A verdadeira questão é por que o vespeiro seria mexido tão cedo no mandato de Leão.
A jornalista Delia Gallagher afirmou que isso ocorreu devido a conflitos internos na Igreja, que se tornaram comuns durante o pontificado do Papa Francisco.
“Resumindo, acho que grande parte da razão para este documento é que o Cardeal Fernandez se incomoda excessivamente com os católicos tradicionais. O fato de ele ter mencionado prontamente e detalhadamente 'essas pessoas', tanto em seu discurso quanto no documento, é uma prova dessa probabilidade”, escreveu ela no Substack.
“Colocar os fiéis tradicionais contra os fiéis 'comuns' também foi uma marca lamentável do estilo do Papa Francisco, e isso se repete claramente aqui na categorização feita por Tucho dos entusiastas marianos que perturbam a fé dos católicos comuns”, acrescentou Gallagher.
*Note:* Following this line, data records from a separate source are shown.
(* Let $L\ge3$, $m\ge1$, $x_1>\cdots>x_N$ real, $\mathbf X=(x_1,\dots,x_N)^T$. Let $A_{L,\mathrm{par}}(\mathbf X)$ be the set of all vectors obtainable as the (sign-normalized) output of a single sign-activated unit with hidden widths $m_1=\cdots=m_{L-2}=m$ and $m_{L-1}=1$. Then every vector in $A_{L,\mathrm{par}}(\mathbf X)$ belongs to $\mathcal H^{(m)}$, i.e. starts with $1$ and switches at most $m$ times.
   Context: $\sigma(x)=\mathrm{sign}(x)$ with $\mathrm{sign}(x)=1$ if $x\ge0$, $-1$ if $x<0$, applied entrywise. A single unit with widths $m_0=1,m_1,\dots,m_{L-1}=1$ maps $\mathbf X$ to $\mathbf X^{(L)}$ via $\mathbf X^{(1)}=\mathbf X$ and $\mathbf X^{(l+1)}=\sigma(\mathbf X^{(l)}\mathbf W^{(l)}+\mathbf 1\mathbf b^{(l)})\in\{-1,1\}^{N\times m_l}$ for $l\in[L-1]$, with arbitrary $\mathbf W^{(l)}\in\mathbb R^{m_{l-1}\times m_l}$, $\mathbf b^{(l)}\in\mathbb R^{1\times m_l}$. $A_{L,\mathrm{par}}(\mathbf X)$ is the set of all vectors $\epsilon\mathbf X^{(L)}\in\{-1,1\}^N$ over all such weights and biases, where $\epsilon\in\{-1,1\}$ is chosen so that the first entry is $1$. A vector $\mathbf h\in\{-1,1\}^N$ switches at $n>1$ if $h_n\neq h_{n-1}$; $\mathcal H^{(K)}$ is the set of vectors in $\{-1,1\}^N$ with first entry $1$ that switch at most $K$ times. *)

theory Defs
  imports Complex_Main
begin

definition sign_act :: "real \<Rightarrow> real" where
  "sign_act x = (if x \<ge> 0 then 1 else -1)"

text \<open>Row n of the feature matrix X^(l), as a function of the scalar input t = x_n.
  w l is the width m_l (w 0 = m_0 = 1); W l and b l are the weight matrix W^(l)
  (entries W l i j, i < m_{l-1}, j < m_l) and bias b^(l).\<close>
primrec unit_feat ::
  "(nat \<Rightarrow> nat) \<Rightarrow> (nat \<Rightarrow> nat \<Rightarrow> nat \<Rightarrow> real) \<Rightarrow> (nat \<Rightarrow> nat \<Rightarrow> real)
   \<Rightarrow> real \<Rightarrow> nat \<Rightarrow> nat \<Rightarrow> real" where
  "unit_feat w W b t 0 = (\<lambda>j. if j = 0 then t else 0)"
| "unit_feat w W b t (Suc l) =
     (if l = 0 then (\<lambda>j. if j = 0 then t else 0)
      else (\<lambda>j. sign_act ((\<Sum>i<w (l - 1). unit_feat w W b t l i * W l i j) + b l j)))"

text \<open>Vectors in {-1,1}^N are represented as functions on nat, with entries at
  indices 1..N and value 0 elsewhere.\<close>
definition A_par :: "nat \<Rightarrow> (nat \<Rightarrow> nat) \<Rightarrow> nat \<Rightarrow> (nat \<Rightarrow> real) \<Rightarrow> (nat \<Rightarrow> real) set" where
  "A_par L w N x = {h. \<exists>W b (\<epsilon>::real). \<epsilon> \<in> {-1, 1} \<and>
      \<epsilon> * unit_feat w W b (x 1) L 0 = 1 \<and>
      h = (\<lambda>n. if 1 \<le> n \<and> n \<le> N then \<epsilon> * unit_feat w W b (x n) L 0 else 0)}"

definition switches_at :: "(nat \<Rightarrow> real) \<Rightarrow> nat \<Rightarrow> bool" where
  "switches_at h n \<longleftrightarrow> 1 < n \<and> h n \<noteq> h (n - 1)"

definition H_switch :: "nat \<Rightarrow> nat \<Rightarrow> (nat \<Rightarrow> real) set" where
  "H_switch N K = {h. (\<forall>n. 1 \<le> n \<and> n \<le> N \<longrightarrow> h n \<in> {-1, 1}) \<and>
      (\<forall>n. \<not> (1 \<le> n \<and> n \<le> N) \<longrightarrow> h n = 0) \<and> h 1 = 1 \<and>
      card {n \<in> {1..N}. switches_at h n} \<le> K}"

end

theory Submission
  imports Defs
begin

text \<open>The output of the unit depends on the input t only through the m features of layer 2,
  each of which has the form sign(a t + c). Since the inputs are ordered, each such feature
  switches at most once along x_1, ..., x_N, and every switch of the output
  forces a switch of some feature. Assigning to each switch of the output one feature that
  switches there is therefore injective, so there are at most m switches.\<close>

lemma sign_act_eq_iff: "sign_act y = sign_act z \<longleftrightarrow> (0 \<le> y \<longleftrightarrow> 0 \<le> z)"
  by (simp add: sign_act_def)

lemma unit_feat_in_pm:
  assumes "2 \<le> l"
  shows "unit_feat w W b t l j \<in> {-1, 1}"
proof -
  obtain k where "l = Suc k" "k \<noteq> 0"
    using assms by (cases l) auto
  then show ?thesis by (simp add: sign_act_def)
qed

lemma unit_feat_2:
  assumes "w 0 = 1"
  shows "unit_feat w W b t 2 j = sign_act (W 1 0 j * t + b 1 j)"
  using assms by (simp add: numeral_2_eq_2 mult.commute)

lemma unit_feat_eq_if_layer_2_eq:
  assumes "\<And>i. i < w 1 \<Longrightarrow> unit_feat w W b t 2 i = unit_feat w W b s 2 i" and "3 \<le> l"
  shows "unit_feat w W b t l = unit_feat w W b s l"
  using \<open>3 \<le> l\<close>
proof (induction l)
  case 0
  then show ?case by simp
next
  case (Suc k)
  show ?case
  proof (cases "k = 2")
    case True
    have "(\<Sum>i<w 1. unit_feat w W b t 2 i * W 2 i j) = (\<Sum>i<w 1. unit_feat w W b s 2 i * W 2 i j)"
      for j using assms(1) by (intro sum.cong) auto
    with True show ?thesis by (simp add: numeral_2_eq_2)
  next
    case False
    with Suc show ?thesis by simp
  qed
qed

lemma mono_on_bool_changes_at_most_once:
  fixes P :: "nat \<Rightarrow> bool"
  assumes mono: "mono_on {k..n} P"
    and "k < p" "p \<le> n" "P p \<noteq> P (p - 1)"
    and "k < q" "q \<le> n" "P q \<noteq> P (q - 1)"
  shows "p = q"
proof -
  have up: "\<not> P (r - 1) \<and> P r" if "k < r" "r \<le> n" "P r \<noteq> P (r - 1)" for r
  proof -
    have "P (r - 1) \<le> P r"
      using that by (intro mono_onD[OF mono]) auto
    with that show ?thesis by auto
  qed
  have False if "k < r" "r < r'" "r' \<le> n" "P r \<noteq> P (r - 1)" "P r' \<noteq> P (r' - 1)" for r r'
  proof -
    have "P r \<le> P (r' - 1)"
      using that by (intro mono_onD[OF mono]) auto
    with up[of r] up[of r'] that show False by auto
  qed
  with assms show ?thesis by (metis linorder_neqE_nat)
qed

lemma affine_threshold_changes_at_most_once:
  fixes x :: "nat \<Rightarrow> real"
  assumes anti: "antimono_on {k..n} x"
    and "k < p" "p \<le> n" "(0 \<le> a * x p + c) \<noteq> (0 \<le> a * x (p - 1) + c)"
    and "k < q" "q \<le> n" "(0 \<le> a * x q + c) \<noteq> (0 \<le> a * x (q - 1) + c)"
  shows "p = q"
proof (cases "0 \<le> a")
  case True
  have "mono_on {k..n} (\<lambda>r. \<not> 0 \<le> a * x r + c)"
  proof (rule mono_onI)
    fix r s assume "r \<in> {k..n}" "s \<in> {k..n}" "r \<le> s"
    then have "a * x s \<le> a * x r"
      using monotone_onD[OF anti] True by (simp add: mult_left_mono)
    then show "(\<not> 0 \<le> a * x r + c) \<le> (\<not> 0 \<le> a * x s + c)" by auto
  qed
  from mono_on_bool_changes_at_most_once[OF this] assms(2-7) show ?thesis by blast
next
  case False
  have "mono_on {k..n} (\<lambda>r. 0 \<le> a * x r + c)"
  proof (rule mono_onI)
    fix r s assume "r \<in> {k..n}" "s \<in> {k..n}" "r \<le> s"
    then have "a * x r \<le> a * x s"
      using monotone_onD[OF anti] False by (simp add: mult_left_mono_neg)
    then show "(0 \<le> a * x r + c) \<le> (0 \<le> a * x s + c)" by auto
  qed
  from mono_on_bool_changes_at_most_once[OF this] assms(2-7) show ?thesis by blast
qed

lemma card_le_if_unique_witnesses:
  assumes "\<And>n. n \<in> S \<Longrightarrow> \<exists>i<m. R n i"
    and "\<And>n n' i. n \<in> S \<Longrightarrow> n' \<in> S \<Longrightarrow> R n i \<Longrightarrow> R n' i \<Longrightarrow> n = n'"
  shows "card S \<le> m"
proof -
  obtain f where f: "\<And>n. n \<in> S \<Longrightarrow> f n < m \<and> R n (f n)"
    using assms(1) by metis
  have "inj_on f S"
    using f assms(2) by (metis inj_onI)
  moreover have "f ` S \<subseteq> {..<m}"
    using f by auto
  ultimately show ?thesis
    using card_inj_on_le[of f S "{..<m}"] by simp
qed

lemma card_output_changes_le_width:
  fixes x :: "nat \<Rightarrow> real"
  assumes w0: "w 0 = 1" and "3 \<le> L" and anti: "antimono_on {1..N} x"
  shows "card {n \<in> {2..N}. unit_feat w W b (x n) L 0 \<noteq> unit_feat w W b (x (n - 1)) L 0} \<le> w 1"
    (is "card ?C \<le> _")
proof (rule card_le_if_unique_witnesses)
  fix n assume "n \<in> ?C"
  then have "unit_feat w W b (x n) L \<noteq> unit_feat w W b (x (n - 1)) L"
    by auto
  then show "\<exists>i<w 1. unit_feat w W b (x n) 2 i \<noteq> unit_feat w W b (x (n - 1)) 2 i"
    using unit_feat_eq_if_layer_2_eq[OF _ \<open>3 \<le> L\<close>] by metis
next
  fix n n' i
  assume "n \<in> ?C" "n' \<in> ?C"
    and "unit_feat w W b (x n) 2 i \<noteq> unit_feat w W b (x (n - 1)) 2 i"
    and "unit_feat w W b (x n') 2 i \<noteq> unit_feat w W b (x (n' - 1)) 2 i"
  then show "n = n'"
    using affine_threshold_changes_at_most_once[OF anti, of n "W 1 0 i" "b 1 i" n']
    by (auto simp: unit_feat_2[where w = w, OF w0] sign_act_eq_iff)
qed

theorem proposition9:
  fixes L m N :: nat and x :: "nat \<Rightarrow> real"
  assumes "L \<ge> 3" and "m \<ge> 1" and "N \<ge> 1"
    and "\<And>i j. 1 \<le> i \<Longrightarrow> i < j \<Longrightarrow> j \<le> N \<Longrightarrow> x j < x i"
  shows "A_par L (\<lambda>l. if l = 0 \<or> l = L - 1 then 1 else m) N x \<subseteq> H_switch N m"
proof
  fix h assume "h \<in> A_par L (\<lambda>l. if l = 0 \<or> l = L - 1 then 1 else m) N x"
  define w where "w = (\<lambda>l::nat. if l = 0 \<or> l = L - 1 then 1 else m)"
  obtain W b and \<epsilon> :: real where eps: "\<epsilon> \<in> {-1, 1}"
    and h1: "\<epsilon> * unit_feat w W b (x 1) L 0 = 1"
    and h: "h = (\<lambda>n. if 1 \<le> n \<and> n \<le> N then \<epsilon> * unit_feat w W b (x n) L 0 else 0)"
    using \<open>h \<in> _\<close> unfolding A_par_def w_def by blast
  have "antimono_on {1..N} x"
    by (rule monotone_onI) (use assms(4) in \<open>force simp: order_le_less\<close>)
  moreover have "w 0 = 1" and "w 1 = m"
    using assms(1) by (auto simp: w_def)
  moreover have "{n \<in> {1..N}. switches_at h n}
      = {n \<in> {2..N}. unit_feat w W b (x n) L 0 \<noteq> unit_feat w W b (x (n - 1)) L 0}"
    using eps by (auto simp: switches_at_def h)
  ultimately have "card {n \<in> {1..N}. switches_at h n} \<le> m"
    using card_output_changes_le_width[of w L N x W b] assms(1) by simp
  moreover have "h n \<in> {-1, 1}" if "1 \<le> n" "n \<le> N" for n
    using that eps unit_feat_in_pm[of L w W b "x n" 0] assms(1) by (auto simp: h)
  moreover have "h n = 0" if "\<not> (1 \<le> n \<and> n \<le> N)" for n
    using that unfolding h by argo
  moreover have "h 1 = 1"
    using h1 assms(3) by (simp add: h)
  ultimately show "h \<in> H_switch N m"
    by (simp add: H_switch_def)
qed

end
Diversos comentaristas também observaram – alguns deles de forma bastante irônica – como o documento da DDF afirma que uma expressão como Corredentora “exige muitas explicações repetidas para evitar que se desvie de seu significado correto, não serve à fé do Povo de Deus e se torna inútil”, mas seus autores, de alguma forma, não conseguem perceber como essa observação pode ser aplicada à maneira como o termo “sinodalidade” tem sido recebido na Igreja.
Outros observadores notaram a falta de aprovação do Papa Leão XIV in forma specifica, ou seja, a declaração não partiu oficialmente do pontífice. Essa observação pode parecer, para os de fora, uma minúcia excessiva. Em muitos aspectos, trata-se de uma questão de detalhe vaticano, mas não está errada. De fato, torna a posição do próprio Papa pouco clara.
E permanece “incerto” como o novo pontificado prosseguirá, até que os projetos iniciados por seu antecessor cheguem a uma conclusão. Só então poderemos começar a compreender verdadeiramente o Papa Leão XIV.